「構ってほしい」という感覚の行方

ここ数年追っているラノベ青春ブタ野郎シリーズ電撃文庫)に双葉理央という物理や数学に強い登場人物が出てきます。いくばくかのネタバレをお許し願いたいのですが3作目『ロジカルウィッチ』ではヒロインで、若干きわどい自撮りをしそれをSNSにあげその画像の存在を知った主人公のひとり梓川咲太に理由を問われそこで

「もっと単純に…誰かに構ってほしかったのかもね」

青春ブタ野郎はロジカルウィッチの夢を見ない』P211(鴨志田一電撃文庫・2015)

と答えます。反応があるだけで救われた気持ちになった(P213)という告白もあるのですが、きわどい自撮りをしているわけでもなければ胸は平坦でまったく立場は違うものの、初見時に「なんだか感覚的にちょっとわかるかな…」という感想を持ってしまっています。というのは、ここのように自分のことを書いて文章をアップしてるのは根っこのところで「構ってほしい」というのがゼロではないからで、反応があればいくらか嬉しかったりします。もっとも女子高生の心情をそんなふうに理解しちまうおっさんというのはどこか気持ち悪い気がするのですがそれは横に置いておくとして(ほんとは横に置いてよいのかは別として)。

話はいつものように横にすっ飛びます。

今週の日経ビジネスの特集が『瀕死のインターネット』で、詳細はご覧いただくとして、SNSをラジオや新聞のようにインフルエンサーなどから一方的に情報を受け取るだけに使う人やメッセージ機能を使い電話や電子メールのように小グループ内の連絡手段的な使い方をする人が増えたほか(それらを日経ビジネスは退化と表現していて興味深かったのですが)、個人的に気になったのが以前に比べて自分のことを書かなくなった人が増えた、という点です。
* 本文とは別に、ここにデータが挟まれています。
(* Let $k$ be an algebraically closed field of arbitrary characteristic and let $\mathcal{C}\subset\mathbb{P}^3$ be a quadric cone with vertex $v$. Fix an integer $d\ge 2$ and a point $q\in\mathcal{C}\setminus\{v\}$, and let $R_q\subset\mathcal{C}$ be the line spanned by $v$ and $q$. Then there is a smooth divisor $Y\in|\mathcal{O}_{\mathcal{C}}(d)|$ such that $v\notin Y$, $q\notin Y$, and $R_q$ meets $Y$ at a unique point.
   Context: $\mathcal{O}_{\mathcal{C}}(d)$ is the restriction of $\mathcal{O}_{\mathbb{P}^3}(d)$ to $\mathcal{C}$. *)

theory Defs
  imports "HOL-Analysis.Analysis" "HOL-Computational_Algebra.Polynomial" "HOL-Library.Numeral_Type"
begin

text \<open>Homogeneous forms of degree d in the four homogeneous coordinates x0..x3 of P^3,
  represented by their coefficient function on exponent vectors (4 \<Rightarrow> nat).\<close>

type_synonym 'k form4 = "(4 \<Rightarrow> nat) \<Rightarrow> 'k"

definition monomials_deg :: "nat \<Rightarrow> (4 \<Rightarrow> nat) set" where
  "monomials_deg d = {m. (\<Sum>i\<in>UNIV. m i) = d}"

definition is_form :: "nat \<Rightarrow> 'k::field form4 \<Rightarrow> bool" where
  "is_form d F \<longleftrightarrow> (\<forall>m. m \<notin> monomials_deg d \<longrightarrow> F m = 0)"

definition evalf :: "nat \<Rightarrow> 'k::field form4 \<Rightarrow> 'k^4 \<Rightarrow> 'k" where
  "evalf d F x = (\<Sum>m\<in>monomials_deg d. F m * (\<Prod>i\<in>UNIV. (x $ i) ^ (m i)))"

definition pderiv_form :: "4 \<Rightarrow> 'k::field form4 \<Rightarrow> 'k form4" where
  "pderiv_form i F = (\<lambda>m. of_nat (m i + 1) * F (m(i := m i + 1)))"

definition grad_form :: "nat \<Rightarrow> 'k::field form4 \<Rightarrow> 'k^4 \<Rightarrow> 'k^4" where
  "grad_form d F x = (\<chi> i. evalf (d - 1) (pderiv_form i F) x)"

definition std_cone :: "'k::field^4 \<Rightarrow> 'k" where
  "std_cone y = y $ 0 * y $ 1 + (y $ 2)^2"

text \<open>Q is a quadratic form defining a quadric cone: Q is projectively equivalent to the
  standard cone (over an algebraically closed field these are exactly the rank-3 quadrics).\<close>
definition quadric_cone_form :: "'k::field form4 \<Rightarrow> bool" where
  "quadric_cone_form Q \<longleftrightarrow> is_form 2 Q \<and>
     (\<exists>A::'k^4^4. invertible A \<and> (\<forall>x. evalf 2 Q x = std_cone (A *v x)))"

definition is_vertex :: "'k::field form4 \<Rightarrow> 'k^4 \<Rightarrow> bool" where
  "is_vertex Q v \<longleftrightarrow> v \<noteq> 0 \<and> evalf 2 Q v = 0 \<and> grad_form 2 Q v = 0"

definition proportional :: "'k::field^4 \<Rightarrow> 'k^4 \<Rightarrow> bool" where
  "proportional x y \<longleftrightarrow> (\<exists>c. c \<noteq> 0 \<and> x = c *s y)"

text \<open>The divisor Y = C \<inter> V(F) (F a degree-d form) is smooth: at every point of Y the
  Jacobian of (Q,F) has rank 2 (Jacobian criterion).\<close>
definition smooth_divisor :: "'k::field form4 \<Rightarrow> nat \<Rightarrow> 'k form4 \<Rightarrow> bool" where
  "smooth_divisor Q d F \<longleftrightarrow>
     (\<forall>p. p \<noteq> 0 \<and> evalf 2 Q p = 0 \<and> evalf d F p = 0 \<longrightarrow>
        (\<forall>a b. a *s grad_form 2 Q p + b *s grad_form d F p = 0 \<longrightarrow> a = 0 \<and> b = 0))"

text \<open>Affine cone over the projective line spanned by v and q.\<close>
definition span_line :: "'k::field^4 \<Rightarrow> 'k^4 \<Rightarrow> ('k^4) set" where
  "span_line v q = {a *s v + b *s q | a b. True}"

end
lemma move_into_P5_if_le:
  assumes off: "(x, y) \<notin> P5" and le: "x \<le> y"
  shows "\<exists>q\<in>moves (x, y). q \<in> P5"
proof -
  have off_T5: "(x, y) \<notin> T5"
    using off by (auto simp: P5_def)
  have a_b_mem: "(a k, b k) \<in> P5" "(b k, a k) \<in> P5" if "k \<ge> 1" for k
    using that by (auto simp: P5_def)
  show ?thesis
  proof (cases "x \<le> 5")
    case True
    then have "(x, 0) \<in> moves (x, y)" "(x, 0) \<in> P5"
      using off_T5 by (auto simp: mem_moves P5_def)
    then show ?thesis
      by blast
  next
    case False
    then obtain k where k: "k \<ge> 1" "x = a k \<or> x = b k"
      using ge_6_eq_a_or_b[of x] by auto
    have b_k: "b k = a k + k + 5"
      using b_eq_a_plus[OF k(1)] .
    consider "x = b k" | "x = a k" "b k < y" | "x = a k" "y < b k" "y - x \<le> 5"
      | "x = a k" "y < b k" "5 < y - x"
      using k off a_b_mem by fastforce
    then show ?thesis
    proof cases
      case 1
      then have "(x, a k) \<in> moves (x, y)"
        using off_T5 le b_k by (auto simp: mem_moves)
      then show ?thesis
        using 1 a_b_mem[OF k(1)] by blast
    next
      case 2
      then have "(x, b k) \<in> moves (x, y)"
        using off_T5 by (auto simp: mem_moves)
      then show ?thesis
        using 2 a_b_mem[OF k(1)] by blast
    next
      case 3
      have "(x - x, y - x) \<in> moves (x, y)"
        using diagonal_mem_moves[OF off_T5, of x] le False by simp
      moreover have "(x - x, y - x) \<in> P5"
        using 3 by (simp add: P5_def)
      ultimately show ?thesis
        by blast
    next
      case 4
      define m where "m = y - x - 5"
      have m: "1 \<le> m" "m < k"
        using 4 b_k m_def by auto
      have "a m < a k"
        using a_less_a_iff m k(1) by simp
      define t where "t = a k - a m"
      have "(x - t, y - t) \<in> moves (x, y)"
        using diagonal_mem_moves[OF off_T5, of t] le \<open>a m < a k\<close> 4 by (simp add: t_def)
      moreover have "(x - t, y - t) = (a m, b m)"
        using 4 \<open>a m < a k\<close> b_eq_a_plus[OF m(1)] le by (simp add: t_def m_def)
      ultimately show ?thesis
        using a_b_mem[OF m(1)] by metis
    qed
  qed
qed

lemma move_into_P5:
  assumes off: "p \<notin> P5"
  shows "\<exists>q\<in>moves p. q \<in> P5"
proof -
  obtain x y where p: "p = (x, y)"
    by (cases p)
  show ?thesis
  proof (cases "x \<le> y")
    case True
    then show ?thesis
      using move_into_P5_if_le off p by blast
  next
    case False
    have "(y, x) \<notin> P5"
      using off p swap_mem_P5[of p] by simp
    then obtain q where "q \<in> moves (y, x)" "q \<in> P5"
      using move_into_P5_if_le[of y x] False by auto
    then show ?thesis
      using swap_mem_moves_swap[of "prod.swap q" p] swap_mem_P5[of q] p by auto
  qed
qed

theorem theorem4p9:
  shows "{p. isP p} = T5 \<union> {(b n, a n) | n. n \<ge> 1} \<union> {(a n, b n) | n. n \<ge> 1}"
proof -
  have "isP p \<longleftrightarrow> p \<in> P5" for p
    using no_move_within_P5 move_into_P5 by (rule isP_iff_in_kernel)
  then show ?thesis
    unfolding P5_def by blast
qed

end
仮に「自分のことを書く人≒誰かに構ってほしい人」として、構ってほしいという人が減ったなら健全なことなのかもしれぬのですが、そうではなくて「誰かに構ってほしい」人がそれらを仕方なく押し殺しているのだとすれば、あまり健全ではない気が。

私は非リモート勢でコロナの第二波のあたりで旧Twitterからいくらか距離を置きはじめていて、身のまわりであったことなどを書いて小さいながらも確実に存在する「誰かに構ってほしい」というのをはてなで解放しているところがあります。日経ビジネスを読んで他の人がどのように自分のことを書きたい欲を含めた「誰かに構ってほしい」感を紛らわせているのか気になるといえば気にはなります。が、いい歳したおとなが小さいながらも「誰かに構ってほしい」を持ち続けてるのはどうよ?と云われるとキツいのでこのへんで。